I’ve struggled with indecisiveness my whole life, but it seems to be getting worse the older I get. Simple things, fun things, everything… becomes such a chore because I spend more time thinking and worrying about it than actually enjoying myself. Granted, I’ve always been extra cautious my whole life, but I think a lot of this also comes from being sick my entire life. I’m afraid to pick or do the wrong thing, have regrets, or even worse- disappoint somebody that I love. It’s a constant battle that is raging inside of me and it’s becoming extremely exhausting.

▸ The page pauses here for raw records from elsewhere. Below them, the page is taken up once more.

lemma grid_tent_avoiding:
  fixes \<alpha> r :: real and N :: nat and P :: "real set"
  assumes "0 < r" and x: "\<And>j. x j = \<alpha> + (2 * real j + 1) * r"
    and "{\<alpha><..<\<alpha> + 2 * real N * r} \<subseteq> J" "J \<subseteq> I" "0 \<notin> J" "finite P" "card P < N"
  obtains k where "k < N" "tent (x k) r \<in> Lip0 I" "lipconst I (tent (x k) r) \<le> 1"
    "\<And>t. t \<in> P \<Longrightarrow> tent (x k) r t = 0" "\<And>t. t \<notin> J \<Longrightarrow> tent (x k) r t = 0"
    "\<And>j. tent (x k) r (x j) = (if j = k then r else 0)"
proof -
  define cell where "cell j = {x j - r<..<x j + r}" for j
  have cell_J: "cell j \<subseteq> J" if "j < N" for j
    using grid_cells(2)[OF \<open>0 < r\<close> x that] assms(3) unfolding cell_def by blast
  have x_cell: "x j \<in> cell j" for j using \<open>0 < r\<close> by (simp add: cell_def)
  obtain k where "k < N" and k_free: "cell k \<inter> P = {}"
    using pigeonhole_disjoint_family[OF grid_cells(1)[OF \<open>0 < r\<close> x] \<open>finite P\<close> \<open>card P < N\<close>]
    unfolding cell_def by blast
  have out: "tent (x k) r t = 0" if "t \<notin> cell k" for t
    using that unfolding cell_def by (rule tent_eq_0)
  show ?thesis
  proof (rule that[OF \<open>k < N\<close>])
    show "tent (x k) r \<in> Lip0 I" "lipconst I (tent (x k) r) \<le> 1"
      using tent_Lip0[of "x k" r I] cell_J[OF \<open>k < N\<close>] \<open>J \<subseteq> I\<close> \<open>0 \<notin> J\<close>
      unfolding cell_def by blast+
    show "tent (x k) r t = 0" if "t \<in> P" for t using k_free that out by blast
    show "tent (x k) r t = 0" if "t \<notin> J" for t using cell_J[OF \<open>k < N\<close>] that out by blast
    show "tent (x k) r (x j) = (if j = k then r else 0)" for j
    proof (cases "j = k")
      case False
      hence "cell j \<inter> cell k = {}"
        using disjoint_family_onD[OF grid_cells(1)[OF \<open>0 < r\<close> x, of UNIV]] by (simp add: cell_def)
      hence "x j \<notin> cell k" using x_cell by blast
      thus ?thesis using out False by simp
    qed (use \<open>0 < r\<close> in \<open>simp add: tent_centre\<close>)
  qed
qed

section \<open>Recurrence for the linearization of \<open>f\<close>\<close>

lemma not_recurrent_if_bounded_away:
  assumes "0 < c" "\<forall>n\<ge>1. c \<le> dnorm I (\<lambda>\<phi>. (T ^^ n) \<mu> \<phi> - \<mu> \<phi>)"
  shows "\<mu> \<notin> recurrent_set I T"
proof
  assume "\<mu> \<in> recurrent_set I T"
  hence "liminf (\<lambda>n. ereal (dnorm I (\<lambda>\<phi>. (T ^^ n) \<mu> \<phi> - \<mu> \<phi>))) = 0"
    by (simp add: recurrent_set_def)
  moreover have "ereal c \<le> liminf (\<lambda>n. ereal (dnorm I (\<lambda>\<phi>. (T ^^ n) \<mu> \<phi> - \<mu> \<phi>)))"
    by (rule Liminf_bounded) (use assms(2) in \<open>auto simp: eventually_sequentially\<close>)
  ultimately show False using assms(1) by simp
qed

Here’s a good example: we purchased a new bed this weekend because I’ve had trouble sleeping for months. When you’re sick, there’s nothing more that you want than to just relax and sleep, sometimes all day. There’s nothing more in this world that I love more than sleeping (okay, maybe that’s not 100% right but you get the idea). Still,  I literally can lay in the bed for hours- in pain, not sleeping- all because of the current condition of our bed. To be fair, our current bed was a hand-me-down from my brother, so it’s quite old to begin with. The bed frame, made of wrought iron with faded paint, is broken. The queen mattress sags in the middle now, so we tried to compensate for it by adding a 4-inch memory foam mattress pad (and not one of the cheaper ones either) . All of this has been tolerable, that is, until the rashes, muscle pain, and arthritis increased tremendously  for me over the last 6 months or so.  The mattress pad itself is probably the worst, though, as it is so thick and dense that it is actually harder than the mattress itself. Needless to say, after being unable to sleep (even an hour) for three days straight last week, my husband and I decided to bite the bullet and bought a new bed.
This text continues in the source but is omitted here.